De ‘derde kerstdag’ was wat eten betreft een beetje ’n rare dag. Dus de afhaalchinees deed goede zaken. Ook het restaurant zat behoorlijk vol. Dan zie je, dat alle uitwonende studentenkinderen en de neven en nichten van de Chinees worden geronseld om mee te helpen. En dat loopt allemaal als een trein, je kunt niet anders constateren. Die trein loopt wel binnen ook, maar daar werken ze ook hard voor.

Wij waren daar dus ook en hadden kennelijk genoeg besteed om een kalender cadeau te krijgen van de zaak. De jongelui waren goed geïnstrueerd om eerst even op de kassabon te kijken, want niet iedereen kreeg er een. Ja, het moet uit de lengte of uit de breedte, ook bij een Chinees.
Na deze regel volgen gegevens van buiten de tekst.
lemma compact_pos_imp_uniform_gap:
  fixes h :: "real \<Rightarrow> real"
  assumes U: "compact U" and cont: "continuous_on U h" and pos: "\<And>t. t \<in> U \<Longrightarrow> 0 < h t"
  shows "\<exists>k::nat. \<forall>t\<in>U. 1 / (real k + 1) \<le> h t"
proof (cases "U = {}")
  case False
  obtain t0 where t0: "t0 \<in> U" "\<And>t. t \<in> U \<Longrightarrow> h t0 \<le> h t"
    using continuous_attains_inf[OF U False cont] by blast
  obtain k where "inverse (real (Suc k)) < h t0"
    using reals_Archimedean pos[OF t0(1)] by blast
  then have "\<forall>t\<in>U. 1 / (real k + 1) \<le> h t"
    using t0(2) by (auto simp: inverse_eq_divide add.commute intro: order_trans[OF less_imp_le])
  then show ?thesis ..
qed simp

definition rats_apart :: "real set \<Rightarrow> nat \<Rightarrow> real set" where
  "rats_apart F n = {q\<in>\<rat>. q \<in> {0..1} \<and> (\<forall>u\<in>F. 1 / (real n + 1) < \<bar>q - u\<bar>)}"

lemma countable_rats_apart: "countable (rats_apart F n)"
  by (rule countable_subset[OF _ countable_rat]) (auto simp: rats_apart_def)

lemma uniform_gap_on_rats_apart:
  fixes g p :: "real \<Rightarrow> real"
  assumes cont_p: "continuous_on {0..1} p"
    and cont_g: "\<And>t. t \<in> {0..1} \<Longrightarrow> t \<notin> F \<Longrightarrow> continuous (at t within {0..1}) g"
    and less: "\<And>t. t \<in> {0..1} \<Longrightarrow> g t < p t"
  shows "\<exists>k::nat. \<forall>q\<in>rats_apart F n. g q + 1 / (real k + 1) \<le> p q"
proof -
  define U where "U = {0..1} \<inter> (\<Inter>u\<in>F. {t. 1 / (real n + 1) \<le> \<bar>t - u\<bar>})"
  have sub: "rats_apart F n \<subseteq> U" by (force simp: U_def rats_apart_def)
  have U_avoids: "t \<in> {0..1}" "t \<notin> F" if "t \<in> U" for t
    using that by (force simp: U_def)+
  have "closed (\<Inter>u\<in>F. {t. 1 / (real n + 1) \<le> \<bar>t - u\<bar>})"
    by (intro closed_INT ballI closed_Collect_le continuous_intros)
  then have "compact U" unfolding U_def by (intro compact_Int_closed) auto
  moreover have "continuous_on U (\<lambda>t. p t - g t)"
    unfolding continuous_on_eq_continuous_within
  proof
    fix t assume t: "t \<in> U"
    have "continuous (at t within {0..1}) (\<lambda>t. p t - g t)"
      using cont_p cont_g U_avoids[OF t]
      by (intro continuous_intros) (auto simp: continuous_on_eq_continuous_within)
    then show "continuous (at t within U) (\<lambda>t. p t - g t)"
      by (rule continuous_within_subset) (auto simp: U_def)
  qed
  ultimately obtain k :: nat where "\<forall>t\<in>U. 1 / (real k + 1) \<le> p t - g t"
    using compact_pos_imp_uniform_gap less U_avoids by force
  then show ?thesis using sub by (intro exI[of _ k]) force
qed

lemma less_of_uniform_gap_on_rats_apart:
  fixes g p :: "real \<Rightarrow> real"
  assumes F: "finite F" and cont_p: "continuous_on {0..1} p"
    and cont_g: "\<And>t. t \<in> {0..1} \<Longrightarrow> t \<notin> F \<Longrightarrow> continuous (at t within {0..1}) g"
    and less_on_F: "\<And>t. t \<in> {0..1} \<Longrightarrow> t \<in> F \<Longrightarrow> g t < p t"
    and gap: "\<And>n. \<exists>k::nat. \<forall>q\<in>rats_apart F n. g q + 1 / (real k + 1) \<le> p q"
    and t: "t \<in> {0..1}"
  shows "g t < p t"
proof (cases "t \<in> F")
  case False
  obtain \<delta> where \<delta>: "0 < \<delta>" "\<forall>u\<in>F. u \<noteq> t \<longrightarrow> \<delta> \<le> dist t u"
    using finite_set_avoid[OF F] by blast
  obtain n :: nat where n: "1 / (real n + 1) < \<delta> / 2"
    using reals_Archimedean[of "\<delta> / 2"] \<delta>(1) by (auto simp: inverse_eq_divide add.commute)
  obtain k :: nat where k: "\<And>q. q \<in> rats_apart F n \<Longrightarrow> g q + 1 / (real k + 1) \<le> p q"
    using gap by blast
  have "1 / (real k + 1) \<le> p t - g t"
  proof (rule le_of_le_on_rationals_near[OF t _ half_gt_zero[OF \<delta>(1)]])
    show "continuous (at t within {0..1}) (\<lambda>t. p t - g t)"
      using cont_p cont_g[OF t False] t
      by (intro continuous_intros) (auto simp: continuous_on_eq_continuous_within)
  next
    fix q assume q: "q \<in> \<rat>" "q \<in> {0..1}" "\<bar>q - t\<bar> < \<delta> / 2"
    have "1 / (real n + 1) < \<bar>q - u\<bar>" if "u \<in> F" for u
    proof -
      have "\<delta> \<le> \<bar>t - u\<bar>" using \<delta>(2) that False by (auto simp: dist_real_def)
      then show ?thesis using q(3) n by linarith
    qed
    then have "q \<in> rats_apart F n" using q by (simp add: rats_apart_def)
    then show "1 / (real k + 1) \<le> p q - g q" using k by force
  qed
  moreover have "0 < 1 / (real k + 1)" by simp
  ultimately show ?thesis by linarith
qed (use less_on_F t in blast)

text \<open>Strict inequality along a path need not be uniform near the discontinuities of g, hence
  the exceptional points are treated individually and their neighbourhoods excised.\<close>
lemma sets_Collect_strict_above:
  fixes g :: "real \<Rightarrow> real" and X :: "real \<Rightarrow> 'a \<Rightarrow> real"
  assumes F: "finite F"
    and meas: "\<And>t. t \<in> {0..1} \<Longrightarrow> X t \<in> borel_measurable M"
    and cont_X: "\<And>\<omega>. \<omega> \<in> space M \<Longrightarrow> continuous_on {0..1} (\<lambda>t. X t \<omega>)"
    and cont_g: "\<And>t. t \<in> {0..1} \<Longrightarrow> t \<notin> F \<Longrightarrow> continuous (at t within {0..1}) g"
  shows "{\<omega>\<in>space M. \<forall>t\<in>{0..1}. g t < X t \<omega>} \<in> sets M"
proof -
  have "{\<omega>\<in>space M. \<forall>t\<in>{0..1}. g t < X t \<omega>} =
      {\<omega>\<in>space M. (\<forall>t\<in>F \<inter> {0..1}. g t < X t \<omega>) \<and>
        (\<forall>n. \<exists>k::nat. \<forall>q\<in>rats_apart F n. g q + 1 / (real k + 1) \<le> X q \<omega>)}"
    using uniform_gap_on_rats_apart[OF cont_X cont_g] less_of_uniform_gap_on_rats_apart[OF F cont_X cont_g]
    by blast
  also have "\<dots> \<in> sets M"
  proof (intro sets.sets_Collect_conj sets.sets_Collect_countable_All' sets.sets_Collect_countable_All
      sets.sets_Collect_countable_Ex)
    fix t q :: real and k :: nat and c :: real
    assume "t \<in> F \<inter> {0..1}"
    then have [measurable]: "X t \<in> borel_measurable M" using meas by blast
    show "{\<omega>\<in>space M. g t < X t \<omega>} \<in> sets M" by measurable
  next
    fix n k q assume "q \<in> rats_apart F n"
    then have [measurable]: "X q \<in> borel_measurable M" using meas by (auto simp: rats_apart_def)
    show "{\<omega>\<in>space M. g q + 1 / (real k + 1) \<le> X q \<omega>} \<in> sets M" by measurable
  qed (use F countable_rats_apart in \<open>auto intro: countable_finite\<close>)
  finally show ?thesis .
qed

section \<open>Finite-dimensional distributions\<close>

locale std_max_stable_process =
  fixes M :: "'a measure" and \<eta> :: "real \<Rightarrow> 'a \<Rightarrow> real"
    and N :: "'b measure" and Z :: "real \<Rightarrow> 'b \<Rightarrow> real"
  assumes std_max_stable: "std_max_stable M \<eta> N Z"
begin

lemma prob_space_M: "prob_space M"
  using std_max_stable by (simp add: std_max_stable_def)

sublocale prob_space M
  by (rule prob_space_M)

lemma eta_measurable: "t \<in> {0..1} \<Longrightarrow> \<eta> t \<in> borel_measurable M"
  using std_max_stable by (simp add: std_max_stable_def)

lemma continuous_on_eta: "\<omega> \<in> space M \<Longrightarrow> continuous_on {0..1} (\<lambda>t. \<eta> t \<omega>)"
  using std_max_stable by (simp add: std_max_stable_def)

lemma eta_nonpos: "\<omega> \<in> space M \<Longrightarrow> t \<in> {0..1} \<Longrightarrow> \<eta> t \<omega> \<le> 0"
  using std_max_stable by (simp add: std_max_stable_def)

lemma integrable_Z: "t \<in> {0..1} \<Longrightarrow> integrable N (Z t)"
  using std_max_stable by (simp add: std_max_stable_def generator_def)

lemma continuous_on_Z: "\<omega> \<in> space N \<Longrightarrow> continuous_on {0..1} (\<lambda>t. Z t \<omega>)"
  using std_max_stable by (simp add: std_max_stable_def generator_def)

lemma Z_nonneg: "\<omega> \<in> space N \<Longrightarrow> t \<in> {0..1} \<Longrightarrow> 0 \<le> Z t \<omega>"
  using std_max_stable by (simp add: std_max_stable_def generator_def)
theorem lemma4p2:
  fixes m n :: nat and H :: "nat \<Rightarrow> nat \<Rightarrow> int" and lam :: "nat \<Rightarrow> real"
  assumes "friendly_pair m n H lam"
    and "\<exists>u. phi_defined m n H u \<and> (\<forall>i\<in>{0..n}. horn_phi m n H lam u i > 0)"
  shows "\<forall>v. (\<forall>i\<in>{0..n}. v i > 0) \<and> phi_defined m n H v \<longrightarrow>
           (\<forall>i\<in>{0..n}. horn_phi m n H lam v i > 0)"
proof (intro allI impI ballI)
  fix v i
  assume v: "(\<forall>i\<in>{0..n}. v i > 0) \<and> phi_defined m n H v" and i: "i \<in> {0..n}"
  interpret friendly m n H lam
    by unfold_locales (rule assms(1))
  obtain u where u: "phi_defined m n H u" "\<And>i. i \<in> {0..n} \<Longrightarrow> 0 < phi u i"
    using assms(2) by blast
  obtain w where "generic w" "\<And>k. k \<in> {0..n} \<Longrightarrow> 0 < w k"
    and "\<And>i. i \<in> {0..n} \<Longrightarrow> 0 < phi w i"
    using exists_pos_generic_point[OF u] by blast
  then interpret horn_segment m n H lam w v
    using v by unfold_locales auto
  show "0 < horn_phi m n H lam v i"
    using phi_pos_end generic_if_pos v i by blast
qed

end
lemma quat_norm_sq_eq_norm_nu:
  assumes m: "m \<in> {1..k}"
  shows "quat_norm_sq k p m = norm (nu1 k p m, nu2 k p m, nu3 k p m)"
proof -
  define X Y where "X = (cmod (fst (p m)))\<^sup>2" and "Y = (cmod (snd (p m)))\<^sup>2"
  have "(nu2 k p m)\<^sup>2 + (nu3 k p m)\<^sup>2 = (cmod (2 * \<i> * fst (p m) * snd (p m)))\<^sup>2"
    using m unfolding nu2_def nu3_def cmod_power2 by simp
  also have "\<dots> = 4 * X * Y"
    unfolding X_def Y_def by (simp add: norm_mult power_mult_distrib)
  finally have "(norm (nu1 k p m, nu2 k p m, nu3 k p m))\<^sup>2 = (X - Y)\<^sup>2 + 4 * X * Y"
    using m unfolding norm_triple_sq by (simp add: nu1_def X_def Y_def)
  also have "\<dots> = (quat_norm_sq k p m)\<^sup>2"
    using m unfolding quat_norm_sq_def X_def Y_def by (simp add: power2_eq_square algebra_simps)
  finally show ?thesis
    using m by (simp add: quat_norm_sq_def)
qed

lemma Bstar_annihilated_in_span:
  assumes "Bstar_ok k u \<theta> Bs" and "supp_in k \<xi>" and "\<forall>a\<in>gset k u. Bs \<xi> a = 0"
  obtains s t where "\<And>i. i \<in> {1..k} \<Longrightarrow> \<xi> i = s * Re (zvec \<theta> i) + t * Im (zvec \<theta> i)"
proof -
  have "\<xi> \<in> Wset k \<theta>" using assms unfolding Bstar_ok_def by blast
  then show thesis using that unfolding Wset_def by blast
qed

lemma Pset_quat_norm_in_span:
  assumes B: "Bstar_ok k u \<theta> Bs" and p: "p \<in> Pset k u Bs"
  obtains S T :: "real \<times> real \<times> real" where
    "\<And>i. i \<in> {1..k} \<Longrightarrow> quat_norm_sq k p i = norm (Re (zvec \<theta> i) *\<^sub>R S + Im (zvec \<theta> i) *\<^sub>R T)"
proof -
  have supp: "supp_in k (nu1 k p)" "supp_in k (nu2 k p)" "supp_in k (nu3 k p)"
    unfolding supp_in_def nu1_def nu2_def nu3_def by auto
  have ann: "\<forall>a\<in>gset k u. Bs (nu1 k p) a = 0" "\<forall>a\<in>gset k u. Bs (nu2 k p) a = 0"
    "\<forall>a\<in>gset k u. Bs (nu3 k p) a = 0"
    using p unfolding Pset_def by auto
  obtain s1 t1 where n1: "\<And>i. i \<in> {1..k} \<Longrightarrow> nu1 k p i = s1 * Re (zvec \<theta> i) + t1 * Im (zvec \<theta> i)"
    using Bstar_annihilated_in_span[OF B supp(1) ann(1)] by blast
  obtain s2 t2 where n2: "\<And>i. i \<in> {1..k} \<Longrightarrow> nu2 k p i = s2 * Re (zvec \<theta> i) + t2 * Im (zvec \<theta> i)"
    using Bstar_annihilated_in_span[OF B supp(2) ann(2)] by blast
  obtain s3 t3 where n3: "\<And>i. i \<in> {1..k} \<Longrightarrow> nu3 k p i = s3 * Re (zvec \<theta> i) + t3 * Im (zvec \<theta> i)"
    using Bstar_annihilated_in_span[OF B supp(3) ann(3)] by blast
  have "quat_norm_sq k p i = norm (Re (zvec \<theta> i) *\<^sub>R (s1, s2, s3) + Im (zvec \<theta> i) *\<^sub>R (t1, t2, t3))"
    if "i \<in> {1..k}" for i
    using quat_norm_sq_eq_norm_nu[OF that] n1[OF that] n2[OF that] n3[OF that]
    by (simp add: algebra_simps)
  then show thesis by (rule that)
qed

lemma Pset_quat_norm_pos:
  assumes "p \<in> Pset k u Bs"
  shows "\<exists>m\<in>{1..k}. quat_norm_sq k p m > 0"
proof -
  obtain m where m: "m \<in> {1..k}" "p m \<noteq> 0" using assms unfolding Pset_def by auto
  then have "fst (p m) \<noteq> 0 \<or> snd (p m) \<noteq> 0" by (simp add: prod_eq_iff)
  then have "(cmod (fst (p m)))\<^sup>2 + (cmod (snd (p m)))\<^sup>2 > 0"
    by (auto simp: add_pos_nonneg add_nonneg_pos)
  then show ?thesis using m unfolding quat_norm_sq_def by auto
qed
lemma sum_card_fibre_ratio_le:
  fixes u :: "'a \<Rightarrow> 'k" and v :: "'a \<Rightarrow> 'c::finite"
  assumes "finite B"
  shows "(\<Sum>x\<in>B. real (card {y \<in> B. u y = u x}) / real (card {y \<in> B. u y = u x \<and> v y = v x}))
    \<le> real CARD('c) * real (card B)"
proof -
  define U where "U k = {x \<in> B. u x = k}" for k
  have finite_U: "finite (U k)" for k
    using assms by (simp add: U_def)
  have "(\<Sum>x\<in>B. real (card {y \<in> B. u y = u x}) / real (card {y \<in> B. u y = u x \<and> v y = v x}))
      = (\<Sum>k\<in>u ` B. \<Sum>x\<in>U k. real (card (U k)) * (1 / real (card {y \<in> U k. v y = v x})))"
    using assms unfolding U_def by (subst sum.image_gen[where g = u]) (auto intro!: sum.cong arg_cong[where f = card])
  also have "\<dots> = (\<Sum>k\<in>u ` B. real (card (U k)) * real (card (v ` U k)))"
    by (simp only: sum_distrib_left[symmetric] sum_inverse_card_fibres[OF finite_U])
  also have "\<dots> \<le> (\<Sum>k\<in>u ` B. real (card (U k)) * real CARD('c))"
    by (intro sum_mono mult_left_mono) (simp_all add: card_mono)
  also have "\<dots> = real CARD('c) * (\<Sum>k\<in>u ` B. real (card (U k)))"
    by (simp add: sum_distrib_left mult.commute)
  also have "(\<Sum>k\<in>u ` B. real (card (U k))) = real (card B)"
    using sum.image_gen[OF assms, of "\<lambda>_. 1 :: real" u] by (simp add: U_def)
  finally show ?thesis .
qed

definition prefix_fibre :: "nat \<Rightarrow> (bool list \<Rightarrow> bool list) \<Rightarrow> bool list \<Rightarrow> nat \<Rightarrow> bool list set" where
  "prefix_fibre n f y i = {x \<in> bitstrings n. take i (f x) = take i y}"

lemma finite_bitstrings: "finite (bitstrings n)"
  unfolding bitstrings_def using finite_lists_length_eq[of "UNIV :: bool set" n] by simp

lemma card_bitstrings_pos: "0 < card (bitstrings n)"
proof -
  have "replicate n False \<in> bitstrings n"
    by (simp add: bitstrings_def)
  then show ?thesis
    using finite_bitstrings card_gt_0_iff by blast
qed

lemma finite_prefix_fibre: "finite (prefix_fibre n f y i)"
  unfolding prefix_fibre_def using finite_bitstrings by simp

lemma prefix_fibre_Suc:
  assumes "\<forall>x\<in>bitstrings n. f x \<in> bitstrings n" and "i < n" and "length y = n"
  shows "prefix_fibre n f y (Suc i) = {x \<in> prefix_fibre n f y i. f x ! i = y ! i}"
proof -
  have "take (Suc i) (f x) = take (Suc i) y \<longleftrightarrow> take i (f x) = take i y \<and> f x ! i = y ! i"
    if "x \<in> bitstrings n" for x
    using assms that by (simp add: bitstrings_def take_Suc_conv_app_nth)
  then show ?thesis
    unfolding prefix_fibre_def by blast
qed

lemma A_star_prefix_fibre:
  "x \<in> prefix_fibre n f y k \<Longrightarrow> A_star n f x (Suc k) = spmf_of_set (prefix_fibre n f y k)"
  by (simp add: A_star_def prefix_fibre_def)

lemma sum_prefix_fibre_ratio_le:
  assumes maps: "\<forall>x\<in>bitstrings n. f x \<in> bitstrings n" and "i < n"
  shows "(\<Sum>x\<in>bitstrings n. real (card (prefix_fibre n f (f x) i)) / real (card (prefix_fibre n f (f x) (Suc i))))
    \<le> 2 * real (card (bitstrings n))"
proof -
  let ?B = "bitstrings n"
  have "prefix_fibre n f (f x) (Suc i) = {y \<in> ?B. take i (f y) = take i (f x) \<and> f y ! i = f x ! i}"
    if "x \<in> ?B" for x
    using prefix_fibre_Suc[OF maps \<open>i < n\<close>, of "f x"] maps that
    by (auto simp: prefix_fibre_def bitstrings_def)
  then have "(\<Sum>x\<in>?B. real (card (prefix_fibre n f (f x) i)) / real (card (prefix_fibre n f (f x) (Suc i))))
      = (\<Sum>x\<in>?B. real (card {y \<in> ?B. take i (f y) = take i (f x)})
          / real (card {y \<in> ?B. take i (f y) = take i (f x) \<and> f y ! i = f x ! i}))"
    by (intro sum.cong) (simp_all add: prefix_fibre_def)
  also have "\<dots> \<le> real CARD(bool) * real (card ?B)"
    by (rule sum_card_fibre_ratio_le[OF finite_bitstrings])
  finally show ?thesis by simp
qed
Het was geen kalender om als een pronkstuk in je keuken te hangen. Knálrood, veel goud, kwastjes en frutsels er aan en heel veel Chinese karakters er op. Dat staat leuk, zolang je huis nog ‘kersterig’ is, maar verder niet zo.

Wat wel leuk was: de envelop waar de kalender in zat was aan de buitenkant bedrukt met jaartallen. Dan kon je zien welk dier bij jouw geboortejaar hoorde. Ze gingen maar terug tot 1941, dus niet ver genoeg voor mij, maar ik weet zo wel, dat ik een draak ben.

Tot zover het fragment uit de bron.